Start of EXTRACTED RECORDS
lemma (in vec_space) mat_kernel_eq_orthogonal_complement_rows:
  assumes M: "M \<in> carrier_mat r n"
  shows "mat_kernel M = orthogonal_complement (set (rows M))"
proof (intro equalityI subsetI)
  fix v assume "v \<in> mat_kernel M"
  with M have v: "v \<in> carrier_vec n" and "M *\<^sub>v v = 0\<^sub>v r" by (auto dest: mat_kernelD)
  then have "v \<bullet> row M i = 0" if "i < r" for i
    using that M comm_scalar_prod[OF _ v, of "row M i"] by (metis carrier_matD index_mult_mat_vec index_zero_vec(1) row_carrier)
  then show "v \<in> orthogonal_complement (set (rows M))"
    using M v unfolding orthogonal_complement_def by (auto simp: rows_def)
next
  fix v assume "v \<in> orthogonal_complement (set (rows M))"
  then have v: "v \<in> carrier_vec n" and "\<forall>i<r. v \<bullet> row M i = 0"
    using M unfolding orthogonal_complement_def by (auto simp: rows_def)
  then have "M *\<^sub>v v = 0\<^sub>v r"
    using M comm_scalar_prod[OF _ v] by (intro eq_vecI) auto
  with M v show "v \<in> mat_kernel M" by (intro mat_kernelI)
qed

lemma (in vec_space) mat_kernel_mat_of_rows_subset:
  assumes xs: "set xs \<subseteq> carrier_vec n" and M: "M \<in> carrier_mat r n"
    and rows: "set (rows M) \<subseteq> span (set xs)"
  shows "mat_kernel (mat_of_rows n xs) \<subseteq> mat_kernel M"
proof -
  have "mat_kernel (mat_of_rows n xs) = orthogonal_complement (span (set xs))"
    using mat_kernel_eq_orthogonal_complement_rows[of "mat_of_rows n xs" "length xs"] xs by simp
  also have "\<dots> \<subseteq> orthogonal_complement (set (rows M))"
    using orthogonal_complement_subset[OF rows] .
  finally show ?thesis using mat_kernel_eq_orthogonal_complement_rows[OF M] by simp
qed

lemma rank_le_dim_row:
  fixes N :: "'a::field mat"
  assumes N: "N \<in> carrier_mat k n"
  shows "vec_space.rank k N \<le> k"
proof -
  interpret W: vec_space "TYPE('a)" k .
  have cols: "set (cols N) \<subseteq> carrier_vec k" using N cols_dim by blast
  have "W.rank N \<le> W.dim"
    using W.subspace_dim[OF W.span_is_subspace[OF cols] W.fin_dim W.fin_dim_span_cols[OF N]]
    unfolding W.rank_def .
  then show ?thesis using W.dim_is_n by simp
qed

text \<open>A maximal independent set of rows of $M$, stacked into a matrix $N$, gives
  $\ker N \subseteq \ker M$; rank--nullity then compares the two ranks.\<close>
lemma rank_le_rank_transpose:
  fixes M :: "'a::field mat"
  assumes M: "M \<in> carrier_mat r n"
  shows "vec_space.rank r M \<le> vec_space.rank n (transpose_mat M)"
proof -
  interpret V: vec_space "TYPE('a)" n .
  have MT: "transpose_mat M \<in> carrier_mat n r" using M by simp
  have rows: "set (rows M) \<subseteq> carrier_vec n" using M by (auto simp: rows_def)
  obtain S where S: "maximal S (\<lambda>T. T \<subseteq> set (rows M) \<and> V.lin_indpt T)"
    using maximal_exists[of "\<lambda>T. T \<subseteq> set (rows M) \<and> V.lin_indpt T" "card (set (rows M))" "{}"]
    by (meson List.finite_set card_mono empty_iff empty_subsetI V.finite_lin_indpt2 rev_finite_subset)
  then have rank_MT: "V.rank (transpose_mat M) = card S"
    using V.rank_card_indpt[OF MT] by (simp add: cols_transpose)
  have SM: "S \<subseteq> set (rows M)" using S unfolding maximal_def by auto
  obtain xs where xs: "set xs = S" "distinct xs" using finite_distinct_list[OF finite_subset[OF SM]] by auto
  define N where "N = mat_of_rows n xs"
  have N: "N \<in> carrier_mat (card S) n" unfolding N_def using xs distinct_card by fastforce
  have "mat_kernel N \<subseteq> mat_kernel M"
    unfolding N_def using V.mat_kernel_mat_of_rows_subset[OF _ M] V.subset_span_maximal_lin_indpt[OF rows S]
      xs SM rows by auto
  then have "kernel_dim N \<le> kernel_dim M" using kernel_dim_mono[OF N M] by simp
  with rank_plus_kernel_dim[OF M] rank_plus_kernel_dim[OF N] rank_le_dim_row[OF N] rank_MT
  show ?thesis by linarith
qed
lemma AE_zero_on_open_if_box_integrals_zero:
  fixes f :: "'b::euclidean_space \<Rightarrow> real"
  assumes f: "integrable lborel f" and S: "open S"
    and zero: "\<And>a b. cbox a b \<subseteq> S \<Longrightarrow> (\<integral>x. indicator (box a b) x * f x \<partial>lborel) = 0"
  shows "AE x in lborel. x \<in> S \<longrightarrow> f x = 0"
proof -
  have [measurable]: "f \<in> borel_measurable lborel" using f by auto
  obtain D where D: "countable D" "D \<subseteq> Pow S" "\<And>X. X \<in> D \<Longrightarrow> \<exists>a b. X = cbox a b" "\<Union>D = S"
    using open_countable_Union_open_cbox[OF S] by metis
  have "AE x in lborel. x \<in> cbox a0 b0 \<longrightarrow> f x = 0" if sub: "cbox a0 b0 \<subseteq> S" for a0 b0
  proof -
    have "AE x in lborel. indicator (box a0 b0) x * f x = 0"
    proof (rule AE_zero_if_box_integrals_zero)
      show "integrable lborel (\<lambda>x. indicator (box a0 b0) x * f x)"
        by (rule Bochner_Integration.integrable_bound[OF f]) (auto simp: indicator_def)
      fix a b :: 'b
      obtain a' b' where ab': "box a b \<inter> box a0 b0 = box a' b'" using box_Int_box by blast
      have "cbox a' b' \<subseteq> S" if "box a' b' \<noteq> {}"
      proof -
        have "closure (box a' b') \<subseteq> cbox a0 b0"
          using ab' box_subset_cbox by (intro closure_minimal) auto
        then show ?thesis using closure_box[OF that] sub by auto
      qed
      then have "(\<integral>x. indicator (box a' b') x * f x \<partial>lborel) = 0"
        using zero by (cases "box a' b' = {}") auto
      moreover have "(\<lambda>x. indicator (box a b) x * (indicator (box a0 b0) x * f x))
          = (\<lambda>x. indicator (box a' b') x * f x)"
        using ab' by (auto simp: indicator_def fun_eq_iff)
      ultimately show "(\<integral>x. indicator (box a b) x * (indicator (box a0 b0) x * f x) \<partial>lborel) = 0"
        by simp
    qed
    moreover have "AE x in lborel. x \<notin> cbox a0 b0 - box a0 b0"
      by (rule AE_not_in[OF null_sets_cbox_Diff_box])
    ultimately show ?thesis by eventually_elim (auto simp: indicator_def)
  qed
  then have "AE x in lborel. \<forall>X\<in>D. x \<in> X \<longrightarrow> f x = 0"
    using D(2,3) by (subst AE_ball_countable[OF D(1)]) blast
  then show ?thesis by eventually_elim (use D(4) in auto)
qed

section \<open>Integrals along lines\<close>

lemma has_integral_eq_lborel_integral:
  fixes h :: "real \<Rightarrow> real"
  assumes "continuous_on UNIV h" and "\<And>t. t \<notin> {a..b} \<Longrightarrow> h t = 0"
  shows "integrable lborel h" "integral {a..b} h = (\<integral>t. h t \<partial>lborel)"
proof -
  have si: "set_integrable lborel {a..b} h"
    by (rule borel_integrable_atLeastAtMost') (use assms(1) continuous_on_subset in blast)
  have eq: "(\<lambda>t. indicator {a..b} t *\<^sub>R h t) = h"
    using assms(2) by (auto simp: indicator_def fun_eq_iff)
  show "integrable lborel h" using si unfolding set_integrable_def eq .
  show "integral {a..b} h = (\<integral>t. h t \<partial>lborel)"
    using set_borel_integral_eq_integral(2)[OF si] unfolding set_lebesgue_integral_def eq by simp
qed

lemma integrable_pair_mult:
  fixes a :: "'x::euclidean_space \<Rightarrow> real" and b :: "'y::euclidean_space \<Rightarrow> real"
  assumes a: "integrable lborel a" and b: "integrable lborel b"
  shows "integrable (lborel \<Otimes>\<^sub>M lborel) (\<lambda>p. a (fst p) * b (snd p))"
proof (rule lborel_pair.Fubini_integrable)
  have [measurable]: "a \<in> borel_measurable lborel" "b \<in> borel_measurable lborel" using a b by auto
  show "(\<lambda>p. a (fst p) * b (snd p)) \<in> borel_measurable (lborel \<Otimes>\<^sub>M lborel)" by measurable
  have "integrable lborel (\<lambda>x. norm (a x) * (\<integral>y. norm (b y) \<partial>lborel))"
    using a by (intro integrable_mult_left) auto
  then show "integrable lborel (\<lambda>x. \<integral>y. norm (a (fst (x, y)) * b (snd (x, y))) \<partial>lborel)"
    by (simp add: abs_mult)
  show "AE x in lborel. integrable lborel (\<lambda>y. a (fst (x, y)) * b (snd (x, y)))"
    using b by simp
qed

lemma integrable_mult_bounded:
  fixes f q :: "'x \<Rightarrow> real"
  assumes f: "integrable M f" and q: "q \<in> borel_measurable M" and K: "\<And>x. \<bar>q x\<bar> \<le> K"
  shows "integrable M (\<lambda>x. f x * q x)"
proof (rule Bochner_Integration.integrable_bound[where f="\<lambda>x. K * \<bar>f x\<bar>"])
  show "integrable M (\<lambda>x. K * \<bar>f x\<bar>)" using f by auto
  show "(\<lambda>x. f x * q x) \<in> borel_measurable M" using f q by auto
  show "AE x in M. norm (f x * q x) \<le> norm (K * \<bar>f x\<bar>)"
  proof (intro AE_I2)
    fix x
    have "\<bar>f x\<bar> * \<bar>q x\<bar> \<le> \<bar>f x\<bar> * K" by (rule mult_left_mono[OF K]) simp
    moreover have "0 \<le> K" using K[of x] by linarith
    ultimately show "norm (f x * q x) \<le> norm (K * \<bar>f x\<bar>)" by (simp add: abs_mult mult.commute)
  qed
qed

lemma continuous_on_compact_abs_bound:
  fixes f :: "'x::topological_space \<Rightarrow> real"
  assumes "continuous_on S f" and "compact S"
  obtains K where "\<And>t. t \<in> S \<Longrightarrow> \<bar>f t\<bar> \<le> K"
  using compact_imp_bounded[OF compact_continuous_image[OF assms]]
  by (metis bounded_iff image_eqI real_norm_def)

lemma continuous_vanishing_outside_abs_bound:
  fixes f :: "real \<Rightarrow> real"
  assumes "continuous_on UNIV f" and "\<And>t. t \<notin> {a..b} \<Longrightarrow> f t = 0"
  obtains K where "\<And>t. \<bar>f t\<bar> \<le> K"
proof -
  obtain K where K: "\<And>t. t \<in> {a..b} \<Longrightarrow> \<bar>f t\<bar> \<le> K"
    using continuous_on_compact_abs_bound[OF continuous_on_subset[OF assms(1)] compact_Icc] by blast
  have "\<bar>f t\<bar> \<le> max K 0" for t
  proof (cases "t \<in> {a..b}")
    case True
    then show ?thesis using K[OF True] by linarith
  qed (simp add: assms(2))
  then show ?thesis by (rule that)
qed

lemma integral_Ioo_deriv:
  fixes \<theta> \<theta>' :: "real \<Rightarrow> real"
  assumes "\<And>z. (\<theta> has_real_derivative \<theta>' z) (at z)" and "continuous_on UNIV \<theta>'" and "s \<le> t"
  shows "(\<integral>z. indicator {s<..<t} z * \<theta>' z \<partial>lborel) = \<theta> t - \<theta> s"
proof -
  have "(LBINT z=s..t. \<theta>' z) = \<theta> t - \<theta> s"
    using assms
    by (intro interval_integral_FTC_finite continuous_on_subset[OF assms(2)])
       (auto intro: has_field_derivative_at_within
        simp: has_real_derivative_iff_has_vector_derivative[symmetric])
  then show ?thesis using assms(3) by (simp add: interval_integral_Ioo set_lebesgue_integral_def)
qed

lemma integrable_triangle_kernel:
  fixes g \<theta>' :: "real \<Rightarrow> real"
  assumes g: "integrable lborel g" and cont: "continuous_on UNIV \<theta>'"
  shows "integrable (lborel \<Otimes>\<^sub>M lborel) (\<lambda>p::real \<times> real.
    if 0 < fst p \<and> fst p < 1 \<and> 0 \<le> snd p \<and> snd p < fst p then g (snd p) * \<theta>' (fst p) else 0)"
proof -
  have [measurable]: "g \<in> borel_measurable borel" using g by auto
  have [measurable]: "\<theta>' \<in> borel_measurable borel"
    using cont by (simp add: borel_measurable_continuous_onI)
  obtain B where B: "\<And>z. z \<in> {0..1} \<Longrightarrow> \<bar>\<theta>' z\<bar> \<le> B"
    using continuous_on_compact_abs_bound[OF continuous_on_subset[OF cont] compact_Icc] by blast
  show ?thesis
  proof (rule Bochner_Integration.integrable_bound
      [OF integrable_pair_mult[of "\<lambda>z. indicator {0..1} z * B" "\<lambda>s. \<bar>g s\<bar>"]])
    show "integrable lborel (\<lambda>z::real. indicator {0..1} z * B)"
      by (intro integrable_mult_left) (auto simp: integrable_indicator_iff)
    show "integrable lborel (\<lambda>s. \<bar>g s\<bar>)" using g by auto
    show "AE p in lborel \<Otimes>\<^sub>M lborel.
        norm (if 0 < fst p \<and> fst p < 1 \<and> 0 \<le> snd p \<and> snd p < fst p then g (snd p) * \<theta>' (fst p) else 0)
        \<le> norm (indicator {0..1} (fst p) * B * \<bar>g (snd p)\<bar>)"
    proof (intro AE_I2)
      fix p :: "real \<times> real"
      show "norm (if 0 < fst p \<and> fst p < 1 \<and> 0 \<le> snd p \<and> snd p < fst p then g (snd p) * \<theta>' (fst p) else 0)
          \<le> norm (indicator {0..1} (fst p) * B * \<bar>g (snd p)\<bar>)"
      proof (cases "fst p \<in> {0<..<1}")
        case True
        then have "\<bar>\<theta>' (fst p)\<bar> \<le> B" using B by auto
        then show ?thesis using True
          by (auto simp: indicator_def abs_mult mult.commute[of "\<bar>g _\<bar>"] intro: mult_right_mono)
      qed auto
    qed
  qed measurable
qed

text \<open>Integration by parts against the primitive \<open>z \<mapsto> \<integral>\<^sub>0\<^sup>z g\<close>, by Fubini on the triangle
  \<open>0 \<le> s < z < 1\<close>.\<close>

lemma integral_primitive_mult_deriv:
  fixes g \<theta> \<theta>' :: "real \<Rightarrow> real"
  assumes g: "integrable lborel g"
    and \<theta>': "\<And>z. (\<theta> has_real_derivative \<theta>' z) (at z)" and cont: "continuous_on UNIV \<theta>'"
    and vanish: "\<And>z. z \<notin> {0<..<1} \<Longrightarrow> \<theta> z = 0"
  shows "(\<integral>z. indicator {0<..<1} z * (\<integral>s. indicator {0..<z} s * g s \<partial>lborel) * \<theta>' z \<partial>lborel)
       = - (\<integral>s. g s * \<theta> s \<partial>lborel)"
proof -
  define H where "H = (\<lambda>p::real \<times> real.
    if 0 < fst p \<and> fst p < 1 \<and> 0 \<le> snd p \<and> snd p < fst p then g (snd p) * \<theta>' (fst p) else 0)"
  have "(\<integral>z. indicator {0<..<1} z * (\<integral>s. indicator {0..<z} s * g s \<partial>lborel) * \<theta>' z \<partial>lborel)
       = (\<integral>z. (\<integral>s. H (z, s) \<partial>lborel) \<partial>lborel)"
  proof (rule Bochner_Integration.integral_cong[OF refl])
    fix z :: real
    show "indicator {0<..<1} z * (\<integral>s. indicator {0..<z} s * g s \<partial>lborel) * \<theta>' z
        = (\<integral>s. H (z, s) \<partial>lborel)"
    proof (cases "0 < z \<and> z < 1")
      case True
      have "(\<integral>s. H (z, s) \<partial>lborel) = (\<integral>s. (indicator {0..<z} s * g s) * \<theta>' z \<partial>lborel)"
        by (rule Bochner_Integration.integral_cong) (use True in \<open>auto simp: H_def indicator_def\<close>)
      then show ?thesis using True by simp
    qed (auto simp: H_def)
  qed
  also have "\<dots> = (\<integral>s. (\<integral>z. H (z, s) \<partial>lborel) \<partial>lborel)"
  proof -
    have "integrable (lborel \<Otimes>\<^sub>M lborel) H"
      unfolding H_def by (rule integrable_triangle_kernel[OF g cont])
    then show ?thesis using lborel_pair.Fubini_integral[of "\<lambda>z s. H (z, s)"] by simp
  qed
  also have "\<dots> = (\<integral>s. - (g s * \<theta> s) \<partial>lborel)"
  proof (rule Bochner_Integration.integral_cong[OF refl])
    fix s :: real
    show "(\<integral>z. H (z, s) \<partial>lborel) = - (g s * \<theta> s)"
    proof (cases "0 \<le> s \<and> s < 1")
      case True
      have "(\<integral>z. H (z, s) \<partial>lborel) = (\<integral>z. g s * (indicator {s<..<1} z * \<theta>' z) \<partial>lborel)"
        by (rule Bochner_Integration.integral_cong) (use True in \<open>auto simp: H_def indicator_def\<close>)
      also have "\<dots> = g s * (\<theta> 1 - \<theta> s)"
        using integral_Ioo_deriv[OF \<theta>' cont, of s 1] True by simp
      finally show ?thesis using vanish[of 1] by simp
    next
      case False
      then have "H (z, s) = 0" for z by (auto simp: H_def indicator_def)
      moreover have "\<theta> s = 0" using False vanish[of s] by auto
      ultimately show ?thesis by simp
    qed
  qed
  finally show ?thesis by simp
qed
End of EXTRACTED RECORDS
WORK INSTRUCTIONS: Locate the lines above that contain "notin" and copy them.

SOLUTION TO THIS TASK:
    moreover have "AE x in lborel. x \<notin> cbox a0 b0 - box a0 b0"
  assumes "continuous_on UNIV h" and "\<And>t. t \<notin> {a..b} \<Longrightarrow> h t = 0"
  assumes "continuous_on UNIV f" and "\<And>t. t \<notin> {a..b} \<Longrightarrow> f t = 0"
    and vanish: "\<And>z. z \<notin> {0<..<1} \<Longrightarrow> \<theta> z = 0"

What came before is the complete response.